-- INSTRUCTIONS TO FOLLOW --
Extract, from the records beneath this instruction, each line that contains the word "units".

Saved data entries:
────────

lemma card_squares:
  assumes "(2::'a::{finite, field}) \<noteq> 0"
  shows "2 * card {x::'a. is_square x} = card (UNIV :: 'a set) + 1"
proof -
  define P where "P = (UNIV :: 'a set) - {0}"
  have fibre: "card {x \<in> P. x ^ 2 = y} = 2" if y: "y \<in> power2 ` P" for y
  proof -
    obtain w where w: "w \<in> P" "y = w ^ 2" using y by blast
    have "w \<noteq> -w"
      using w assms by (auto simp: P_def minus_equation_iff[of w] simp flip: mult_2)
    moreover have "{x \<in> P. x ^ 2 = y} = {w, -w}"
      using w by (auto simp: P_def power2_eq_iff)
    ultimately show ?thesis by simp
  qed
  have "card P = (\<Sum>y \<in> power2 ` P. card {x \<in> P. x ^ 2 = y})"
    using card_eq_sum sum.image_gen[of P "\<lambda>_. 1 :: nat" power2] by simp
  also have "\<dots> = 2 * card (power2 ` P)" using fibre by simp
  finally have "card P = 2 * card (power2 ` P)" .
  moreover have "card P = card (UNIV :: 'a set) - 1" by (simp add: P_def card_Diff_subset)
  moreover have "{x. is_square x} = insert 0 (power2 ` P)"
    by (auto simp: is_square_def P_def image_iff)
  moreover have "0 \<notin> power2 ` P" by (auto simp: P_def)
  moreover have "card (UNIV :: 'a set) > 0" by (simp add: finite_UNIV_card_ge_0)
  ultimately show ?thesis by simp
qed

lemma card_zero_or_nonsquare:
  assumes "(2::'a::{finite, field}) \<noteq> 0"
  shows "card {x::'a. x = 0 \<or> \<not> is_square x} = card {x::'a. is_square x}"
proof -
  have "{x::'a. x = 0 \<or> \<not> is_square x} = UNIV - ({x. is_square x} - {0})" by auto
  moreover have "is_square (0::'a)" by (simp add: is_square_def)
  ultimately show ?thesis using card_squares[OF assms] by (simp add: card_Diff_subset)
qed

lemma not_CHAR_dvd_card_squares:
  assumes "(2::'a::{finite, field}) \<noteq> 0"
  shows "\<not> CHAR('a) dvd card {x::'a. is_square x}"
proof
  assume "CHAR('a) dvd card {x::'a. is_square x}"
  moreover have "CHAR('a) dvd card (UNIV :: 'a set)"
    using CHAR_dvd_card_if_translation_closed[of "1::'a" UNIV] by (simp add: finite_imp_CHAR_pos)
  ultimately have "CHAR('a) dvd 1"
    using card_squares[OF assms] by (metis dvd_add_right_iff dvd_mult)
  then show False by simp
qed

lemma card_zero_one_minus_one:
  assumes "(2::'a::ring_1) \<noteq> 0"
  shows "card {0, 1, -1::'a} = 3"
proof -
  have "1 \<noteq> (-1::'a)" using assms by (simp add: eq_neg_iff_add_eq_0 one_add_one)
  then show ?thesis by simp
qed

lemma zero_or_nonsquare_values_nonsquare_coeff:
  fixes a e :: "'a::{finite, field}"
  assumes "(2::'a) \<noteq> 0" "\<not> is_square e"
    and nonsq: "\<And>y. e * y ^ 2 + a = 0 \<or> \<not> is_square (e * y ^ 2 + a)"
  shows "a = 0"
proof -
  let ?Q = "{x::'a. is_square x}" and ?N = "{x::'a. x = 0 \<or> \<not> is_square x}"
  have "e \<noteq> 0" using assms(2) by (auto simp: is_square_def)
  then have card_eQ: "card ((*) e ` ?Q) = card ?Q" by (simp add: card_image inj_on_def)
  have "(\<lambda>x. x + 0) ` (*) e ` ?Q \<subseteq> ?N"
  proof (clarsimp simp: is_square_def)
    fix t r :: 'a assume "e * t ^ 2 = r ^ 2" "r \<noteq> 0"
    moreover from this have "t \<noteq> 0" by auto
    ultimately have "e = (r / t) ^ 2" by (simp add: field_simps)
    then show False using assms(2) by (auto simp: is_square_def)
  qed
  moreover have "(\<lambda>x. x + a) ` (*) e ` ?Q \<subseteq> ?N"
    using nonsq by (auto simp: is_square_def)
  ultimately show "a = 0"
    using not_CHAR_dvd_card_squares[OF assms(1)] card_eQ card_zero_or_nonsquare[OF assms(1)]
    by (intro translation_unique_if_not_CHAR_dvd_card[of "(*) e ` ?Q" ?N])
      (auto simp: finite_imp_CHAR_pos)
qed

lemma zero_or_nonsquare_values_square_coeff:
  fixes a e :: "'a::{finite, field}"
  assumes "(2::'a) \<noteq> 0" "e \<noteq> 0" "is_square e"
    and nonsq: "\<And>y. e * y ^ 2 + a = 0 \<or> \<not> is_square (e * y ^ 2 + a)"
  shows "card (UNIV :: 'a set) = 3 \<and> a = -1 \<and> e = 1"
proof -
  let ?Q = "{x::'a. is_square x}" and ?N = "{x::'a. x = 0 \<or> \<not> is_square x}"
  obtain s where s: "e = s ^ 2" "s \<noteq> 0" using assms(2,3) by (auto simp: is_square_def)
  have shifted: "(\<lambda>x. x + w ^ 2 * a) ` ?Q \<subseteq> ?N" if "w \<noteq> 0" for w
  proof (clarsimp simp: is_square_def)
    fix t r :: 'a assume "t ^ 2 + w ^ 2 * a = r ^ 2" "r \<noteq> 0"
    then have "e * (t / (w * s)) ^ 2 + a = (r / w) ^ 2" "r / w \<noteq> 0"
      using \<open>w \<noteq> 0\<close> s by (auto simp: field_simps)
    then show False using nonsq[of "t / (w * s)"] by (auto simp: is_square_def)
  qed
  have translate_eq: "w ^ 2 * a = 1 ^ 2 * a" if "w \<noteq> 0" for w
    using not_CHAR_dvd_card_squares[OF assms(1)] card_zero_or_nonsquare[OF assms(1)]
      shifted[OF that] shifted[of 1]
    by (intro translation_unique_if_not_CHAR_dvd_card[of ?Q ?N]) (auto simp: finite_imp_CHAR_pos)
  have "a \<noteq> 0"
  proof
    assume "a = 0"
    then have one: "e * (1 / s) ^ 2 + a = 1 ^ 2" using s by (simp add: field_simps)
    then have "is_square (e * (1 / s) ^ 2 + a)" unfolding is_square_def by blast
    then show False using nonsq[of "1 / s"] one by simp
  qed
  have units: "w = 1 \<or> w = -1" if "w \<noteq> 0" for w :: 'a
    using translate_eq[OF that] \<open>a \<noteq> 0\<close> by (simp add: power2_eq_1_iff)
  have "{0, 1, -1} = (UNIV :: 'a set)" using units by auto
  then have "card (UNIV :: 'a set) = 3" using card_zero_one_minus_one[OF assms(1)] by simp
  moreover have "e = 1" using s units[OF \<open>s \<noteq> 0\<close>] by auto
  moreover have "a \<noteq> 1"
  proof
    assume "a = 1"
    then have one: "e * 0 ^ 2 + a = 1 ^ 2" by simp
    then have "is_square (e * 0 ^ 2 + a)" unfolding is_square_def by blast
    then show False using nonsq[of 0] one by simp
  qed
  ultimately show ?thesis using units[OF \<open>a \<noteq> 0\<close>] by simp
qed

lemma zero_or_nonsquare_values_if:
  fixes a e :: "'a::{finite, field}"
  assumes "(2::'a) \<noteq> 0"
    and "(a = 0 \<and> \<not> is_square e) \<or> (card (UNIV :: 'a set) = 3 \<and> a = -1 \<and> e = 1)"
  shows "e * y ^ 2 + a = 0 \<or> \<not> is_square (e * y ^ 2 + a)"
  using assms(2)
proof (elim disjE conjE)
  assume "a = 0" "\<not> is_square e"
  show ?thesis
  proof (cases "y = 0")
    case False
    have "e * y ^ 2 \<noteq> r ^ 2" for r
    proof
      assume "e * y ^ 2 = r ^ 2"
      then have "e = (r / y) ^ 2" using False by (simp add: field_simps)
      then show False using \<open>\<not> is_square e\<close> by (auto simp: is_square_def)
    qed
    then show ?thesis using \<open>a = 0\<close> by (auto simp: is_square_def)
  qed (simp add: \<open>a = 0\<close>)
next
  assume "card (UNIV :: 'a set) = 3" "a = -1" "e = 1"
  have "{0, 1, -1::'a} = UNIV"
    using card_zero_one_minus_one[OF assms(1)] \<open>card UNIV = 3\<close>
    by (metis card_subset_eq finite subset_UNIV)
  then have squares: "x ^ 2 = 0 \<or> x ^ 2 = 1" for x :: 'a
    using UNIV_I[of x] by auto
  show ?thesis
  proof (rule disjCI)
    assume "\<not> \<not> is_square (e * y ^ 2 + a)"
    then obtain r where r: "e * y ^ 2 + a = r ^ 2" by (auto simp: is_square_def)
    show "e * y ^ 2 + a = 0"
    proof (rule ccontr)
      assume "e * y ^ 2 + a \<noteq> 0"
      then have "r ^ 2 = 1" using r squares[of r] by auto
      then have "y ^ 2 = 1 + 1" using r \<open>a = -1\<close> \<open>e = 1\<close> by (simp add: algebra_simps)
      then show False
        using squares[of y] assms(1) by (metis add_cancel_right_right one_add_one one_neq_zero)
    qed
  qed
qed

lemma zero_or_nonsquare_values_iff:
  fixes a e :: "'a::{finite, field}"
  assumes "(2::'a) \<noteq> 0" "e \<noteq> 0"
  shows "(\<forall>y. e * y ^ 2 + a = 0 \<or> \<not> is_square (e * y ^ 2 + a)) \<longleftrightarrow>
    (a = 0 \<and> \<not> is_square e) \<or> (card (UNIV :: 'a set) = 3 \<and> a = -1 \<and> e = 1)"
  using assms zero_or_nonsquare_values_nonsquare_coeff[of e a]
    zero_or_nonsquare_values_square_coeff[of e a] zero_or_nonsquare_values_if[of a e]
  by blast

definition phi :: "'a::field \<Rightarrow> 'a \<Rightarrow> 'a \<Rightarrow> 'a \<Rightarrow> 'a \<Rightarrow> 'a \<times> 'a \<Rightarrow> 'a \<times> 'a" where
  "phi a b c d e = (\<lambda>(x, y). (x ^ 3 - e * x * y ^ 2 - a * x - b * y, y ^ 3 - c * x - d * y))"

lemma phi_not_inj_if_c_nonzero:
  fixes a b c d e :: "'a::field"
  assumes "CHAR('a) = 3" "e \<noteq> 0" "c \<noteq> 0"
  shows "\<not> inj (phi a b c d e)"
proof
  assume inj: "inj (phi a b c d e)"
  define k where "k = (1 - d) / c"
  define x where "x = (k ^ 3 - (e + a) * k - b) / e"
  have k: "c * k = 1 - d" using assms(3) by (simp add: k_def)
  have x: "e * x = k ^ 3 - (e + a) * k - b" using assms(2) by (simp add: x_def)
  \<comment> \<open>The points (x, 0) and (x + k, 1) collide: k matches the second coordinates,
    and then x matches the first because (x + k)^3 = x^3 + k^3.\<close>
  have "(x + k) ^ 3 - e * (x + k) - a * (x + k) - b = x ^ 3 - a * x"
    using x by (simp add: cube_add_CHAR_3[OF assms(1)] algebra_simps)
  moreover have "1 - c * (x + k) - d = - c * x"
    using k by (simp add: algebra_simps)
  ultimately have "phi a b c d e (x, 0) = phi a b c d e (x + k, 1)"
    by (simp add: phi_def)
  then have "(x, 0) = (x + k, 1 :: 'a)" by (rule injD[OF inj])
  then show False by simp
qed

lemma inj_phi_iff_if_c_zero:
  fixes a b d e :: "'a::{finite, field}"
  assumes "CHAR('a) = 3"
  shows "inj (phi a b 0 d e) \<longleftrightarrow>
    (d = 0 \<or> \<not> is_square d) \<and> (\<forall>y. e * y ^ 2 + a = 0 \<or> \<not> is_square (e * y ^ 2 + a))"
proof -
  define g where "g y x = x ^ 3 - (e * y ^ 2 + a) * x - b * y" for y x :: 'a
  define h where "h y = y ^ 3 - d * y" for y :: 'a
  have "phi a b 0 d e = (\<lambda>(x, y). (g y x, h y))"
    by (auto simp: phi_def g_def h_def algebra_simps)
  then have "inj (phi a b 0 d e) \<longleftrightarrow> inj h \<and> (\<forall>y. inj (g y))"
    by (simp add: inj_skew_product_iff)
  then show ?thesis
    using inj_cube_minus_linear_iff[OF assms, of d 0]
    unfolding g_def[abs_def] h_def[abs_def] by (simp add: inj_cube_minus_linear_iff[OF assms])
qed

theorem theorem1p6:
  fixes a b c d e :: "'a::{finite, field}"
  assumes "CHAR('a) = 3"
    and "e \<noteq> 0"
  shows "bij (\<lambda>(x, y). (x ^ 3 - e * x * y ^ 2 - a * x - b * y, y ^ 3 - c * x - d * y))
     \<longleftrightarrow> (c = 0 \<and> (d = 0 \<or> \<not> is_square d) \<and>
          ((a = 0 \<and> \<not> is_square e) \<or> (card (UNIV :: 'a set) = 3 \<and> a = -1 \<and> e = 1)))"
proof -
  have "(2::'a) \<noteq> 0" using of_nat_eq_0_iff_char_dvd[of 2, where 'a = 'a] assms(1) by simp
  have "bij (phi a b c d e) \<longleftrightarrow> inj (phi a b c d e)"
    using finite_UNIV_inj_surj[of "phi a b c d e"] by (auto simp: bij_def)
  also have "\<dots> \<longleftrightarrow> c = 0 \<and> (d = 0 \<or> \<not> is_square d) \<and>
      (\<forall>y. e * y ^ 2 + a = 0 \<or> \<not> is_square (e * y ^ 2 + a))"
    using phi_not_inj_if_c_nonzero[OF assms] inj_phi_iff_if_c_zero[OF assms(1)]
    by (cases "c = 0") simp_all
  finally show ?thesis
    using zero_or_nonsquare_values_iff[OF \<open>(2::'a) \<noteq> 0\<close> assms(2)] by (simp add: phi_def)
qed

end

────────

-- SOLUTION FOR THIS TASK --
  have units: "w = 1 \<or> w = -1" if "w \<noteq> 0" for w :: 'a
  have "{0, 1, -1} = (UNIV :: 'a set)" using units by auto
  moreover have "e = 1" using s units[OF \<open>s \<noteq> 0\<close>] by auto
  ultimately show ?thesis using units[OF \<open>a \<noteq> 0\<close>] by simp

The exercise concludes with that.